# DATA SHOWN
definition hurwitz :: "real^'n^'n \<Rightarrow> bool" where
  "hurwitz M \<longleftrightarrow>
     (\<forall>z::complex. det ((\<chi> i j. (if i = j then z else 0) - complex_of_real (M $ i $ j)) :: complex^'n^'n) = 0
        \<longrightarrow> Re z < 0)"

end

theory Submission
  imports Defs
begin

text \<open>Write \<open>L X = A X + X F\<close> for the Sylvester operator with \<open>F = \<hat>A\<^sup>T\<close>.
  Unique solvability of one equation \<open>L X = R\<close> makes \<open>L\<close> injective, hence invertible, so
  \<open>L P\<^sub>0 = -W\<close> has a solution, where \<open>W = B \<hat>B\<^sup>T\<close>. Since \<open>E = e\<^bsup>AT\<^esup>\<close> commutes with \<open>A\<close>
  and \<open>G = e\<^bsup>\<hat>A\<^sup>TT\<^esup>\<close> with \<open>F\<close>, conjugation by \<open>E, G\<close> commutes with \<open>L\<close>, and uniqueness
  gives \<open>P = P\<^sub>0 - E P\<^sub>0 G\<close>. The identity \<open>tr(Q L X) = tr((F Q + Q A) X)\<close> moves \<open>L\<close> onto
  \<open>Q\<close>, whose equation turns \<open>tr(Q W) = -tr(Q L P\<^sub>0)\<close> into \<open>tr(V (P\<^sub>0 - E P\<^sub>0 G))\<close> with
  \<open>V = \<hat>C\<^sup>T C\<close>. This is the mixed identity; the other two are its instances
  \<open>(\<hat>A, \<hat>B, \<hat>C) = (A, B, C)\<close> and \<open>(A, B, C) = (\<hat>A, \<hat>B, \<hat>C)\<close>.\<close>

lemma matrix_add_rdistrib: "((X::real^'a^'b) + Y) ** (Z::real^'c^'a) = X ** Z + Y ** Z"
  by (simp add: matrix_matrix_mult_def vec_eq_iff sum.distrib algebra_simps)

lemma matrix_diff_ldistrib: "(Z::real^'a^'b) ** ((X::real^'c^'a) - Y) = Z ** X - Z ** Y"
  by (simp add: matrix_matrix_mult_def vec_eq_iff sum_subtractf algebra_simps)

lemma matrix_diff_rdistrib: "((X::real^'a^'b) - Y) ** (Z::real^'c^'a) = X ** Z - Y ** Z"
  by (simp add: matrix_matrix_mult_def vec_eq_iff sum_subtractf algebra_simps)

lemma matrix_neg_left: "(- (X::real^'a^'b)) ** (Z::real^'c^'a) = - (X ** Z)"
  by (simp add: matrix_matrix_mult_def vec_eq_iff sum_negf)

lemma matrix_neg_right: "(Z::real^'a^'b) ** (- (X::real^'c^'a)) = - (Z ** X)"
  by (simp add: matrix_matrix_mult_def vec_eq_iff sum_negf)

lemma trace_neg: "trace (- (X::real^'a^'a)) = - trace X"
  by (simp add: trace_def sum_negf)

lemma trace_mul_cyclic:
  "trace ((X::real^'a^'b) ** (Y::real^'c^'a) ** (Z::real^'b^'c)) = trace (Z ** X ** Y)"
  by (metis matrix_mul_assoc trace_mul_sym)

lemma bounded_linear_matrix_mult_left: "bounded_linear (\<lambda>X::real^'c^'a. (M::real^'a^'b) ** X)"
  unfolding linear_conv_bounded_linear[symmetric]
  by (rule linearI) (simp_all add: matrix_add_ldistrib matrix_scalar_ac scalar_matrix_assoc)

lemma bounded_linear_matrix_mult_right: "bounded_linear (\<lambda>X::real^'a^'b. X ** (M::real^'c^'a))"
  unfolding linear_conv_bounded_linear[symmetric]
  by (rule linearI) (simp_all add: matrix_add_rdistrib scalar_matrix_assoc)

definition entry_abs_sum :: "real^'a^'b \<Rightarrow> real" where
  "entry_abs_sum X = (\<Sum>i\<in>UNIV. \<Sum>j\<in>UNIV. \<bar>X$i$j\<bar>)"

lemma entry_abs_sum_nonneg: "0 \<le> entry_abs_sum X"
  unfolding entry_abs_sum_def by (auto intro!: sum_nonneg)

lemma row_abs_sum_le_entry_abs_sum: "(\<Sum>j\<in>UNIV. \<bar>X$k$j\<bar>) \<le> entry_abs_sum X"
  unfolding entry_abs_sum_def by (rule member_le_sum) (auto intro: sum_nonneg)

lemma entry_abs_sum_mult:
  "entry_abs_sum ((X::real^'a^'b) ** (Y::real^'c^'a)) \<le> entry_abs_sum X * entry_abs_sum Y"
proof -
  have "entry_abs_sum (X ** Y) = (\<Sum>i\<in>UNIV. \<Sum>j\<in>UNIV. \<bar>\<Sum>k\<in>UNIV. X$i$k * Y$k$j\<bar>)"
    by (simp add: entry_abs_sum_def matrix_matrix_mult_def)
  also have "\<dots> \<le> (\<Sum>i\<in>UNIV. \<Sum>j\<in>UNIV. \<Sum>k\<in>UNIV. \<bar>X$i$k\<bar> * \<bar>Y$k$j\<bar>)"
    by (intro sum_mono order_trans[OF sum_abs]) (simp add: abs_mult)
  also have "\<dots> = (\<Sum>i\<in>UNIV. \<Sum>k\<in>UNIV. \<bar>X$i$k\<bar> * (\<Sum>j\<in>UNIV. \<bar>Y$k$j\<bar>))"
    by (simp add: sum_distrib_left sum.swap[of _ "UNIV::'c set"])
  also have "\<dots> \<le> (\<Sum>i\<in>UNIV. \<Sum>k\<in>UNIV. \<bar>X$i$k\<bar> * entry_abs_sum Y)"
    by (intro sum_mono mult_left_mono row_abs_sum_le_entry_abs_sum) auto
  also have "\<dots> = entry_abs_sum X * entry_abs_sum Y"
    by (simp add: entry_abs_sum_def sum_distrib_right)
  finally show ?thesis .
qed

lemma norm_le_entry_abs_sum: "norm (X::real^'a^'b) \<le> entry_abs_sum X"
proof -
  have "norm X \<le> (\<Sum>i\<in>UNIV. norm (X$i))"
    unfolding norm_vec_def by (rule L2_set_le_sum) auto
  also have "\<dots> \<le> (\<Sum>i\<in>UNIV. \<Sum>j\<in>UNIV. \<bar>X$i$j\<bar>)"
    by (intro sum_mono) (simp add: norm_le_l1_cart)
  finally show ?thesis by (simp add: entry_abs_sum_def)
qed

lemma entry_abs_sum_matpow:
  "entry_abs_sum (matpow M k) \<le> entry_abs_sum (mat 1 :: real^'a^'a) * entry_abs_sum (M::real^'a^'a) ^ k"
proof (induction k)
  case 0
  then show ?case by simp
next
  case (Suc k)
  have "entry_abs_sum (matpow M (Suc k)) \<le> entry_abs_sum M * entry_abs_sum (matpow M k)"
    using entry_abs_sum_mult by simp
  also have "\<dots> \<le> entry_abs_sum M * (entry_abs_sum (mat 1 :: real^'a^'a) * entry_abs_sum M ^ k)"
    by (intro mult_left_mono Suc entry_abs_sum_nonneg)
  finally show ?case by (simp add: algebra_simps)
qed

lemma summable_mat_exp: "summable (\<lambda>k. (t ^ k / fact k) *\<^sub>R matpow (M::real^'a^'a) k)"
proof (rule summable_comparison_test)
  let ?c = "entry_abs_sum (mat 1 :: real^'a^'a)" and ?m = "entry_abs_sum M"
  show "summable (\<lambda>k. ?c * (inverse (fact k) * (\<bar>t\<bar> * ?m) ^ k))"
    by (intro summable_mult summable_exp)
  have "norm ((t ^ k / fact k) *\<^sub>R matpow M k) \<le> ?c * (inverse (fact k) * (\<bar>t\<bar> * ?m) ^ k)"
    for k
  proof -
    have "norm ((t ^ k / fact k) *\<^sub>R matpow M k) = \<bar>t\<bar> ^ k / fact k * norm (matpow M k)"
      by (simp add: power_abs)
    also have "\<dots> \<le> \<bar>t\<bar> ^ k / fact k * (?c * ?m ^ k)"
      by (intro mult_left_mono order_trans[OF norm_le_entry_abs_sum entry_abs_sum_matpow]) auto
    finally show ?thesis by (simp add: field_simps)
  qed
  then show "\<exists>N. \<forall>k\<ge>N. norm ((t ^ k / fact k) *\<^sub>R matpow M k)
      \<le> ?c * (inverse (fact k) * (\<bar>t\<bar> * ?m) ^ k)"
    by blast
qed

lemma matpow_commute: "M ** matpow M k = matpow M k ** (M::real^'a^'a)"
  by (induction k) (simp_all add: matrix_mul_assoc)

lemma mat_exp_commute: "M ** mat_exp t M = mat_exp t M ** (M::real^'a^'a)"
proof -
  have "M ** mat_exp t M = (\<Sum>k. M ** ((t ^ k / fact k) *\<^sub>R matpow M k))"
    unfolding mat_exp_def
    by (rule bounded_linear.suminf[OF bounded_linear_matrix_mult_left summable_mat_exp])
  also have "\<dots> = (\<Sum>k. ((t ^ k / fact k) *\<^sub>R matpow M k) ** M)"
    by (simp add: matrix_scalar_ac scalar_matrix_assoc[symmetric] matpow_commute)
  also have "\<dots> = mat_exp t M ** M"
    unfolding mat_exp_def
    by (rule bounded_linear.suminf[OF bounded_linear_matrix_mult_right summable_mat_exp, symmetric])
  finally show ?thesis .
qed

lemma sylvester_solvable_if_unique:
  fixes A :: "real^'n^'n" and F :: "real^'r^'r" and R S :: "real^'r^'n"
  assumes unique: "\<exists>!X. A ** X + X ** F = R"
  shows "\<exists>X. A ** X + X ** F = S"
proof -
  define L where "L = (\<lambda>X::real^'r^'n. A ** X + X ** F)"
  have linear: "linear L"
    unfolding L_def linear_conv_bounded_linear
    by (intro bounded_linear_add bounded_linear_matrix_mult_left bounded_linear_matrix_mult_right)
  obtain P where P: "L P = R" and unique_P: "\<And>X. L X = R \<Longrightarrow> X = P"
    using unique unfolding L_def by blast
  have "inj L"
  proof (rule injI)
    fix X Y
    assume "L X = L Y"
    then have "L (P + (X - Y)) = R"
      using P by (simp add: linear_add[OF linear] linear_diff[OF linear])
    then have "P + (X - Y) = P"
      by (rule unique_P)
    then show "X = Y"
      by simp
  qed
  then have "surj L"
    using linear linear_injective_imp_surjective by blast
  then obtain X where "S = L X"
    by (blast dest: surjD)
  then show ?thesis
    unfolding L_def by metis
qed

lemma sylvester_conjugate:
  fixes A E :: "real^'n^'n" and F G :: "real^'r^'r" and X :: "real^'r^'n"
  assumes "A ** E = E ** A" and "G ** F = F ** G"
  shows "A ** (E ** X ** G) + (E ** X ** G) ** F = E ** (A ** X + X ** F) ** G"
  using assms
  by (simp add: matrix_add_ldistrib matrix_add_rdistrib matrix_mul_assoc)
     (simp add: matrix_mul_assoc[symmetric])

# TASK BRIEF
What you return should match, exactly, the stretch of the listing above that runs from the line with "by (simp add: matrix_add_ldistrib" to its last line.

# RESULT OF THIS EXERCISE
  by (simp add: matrix_add_ldistrib matrix_add_rdistrib matrix_mul_assoc)
     (simp add: matrix_mul_assoc[symmetric])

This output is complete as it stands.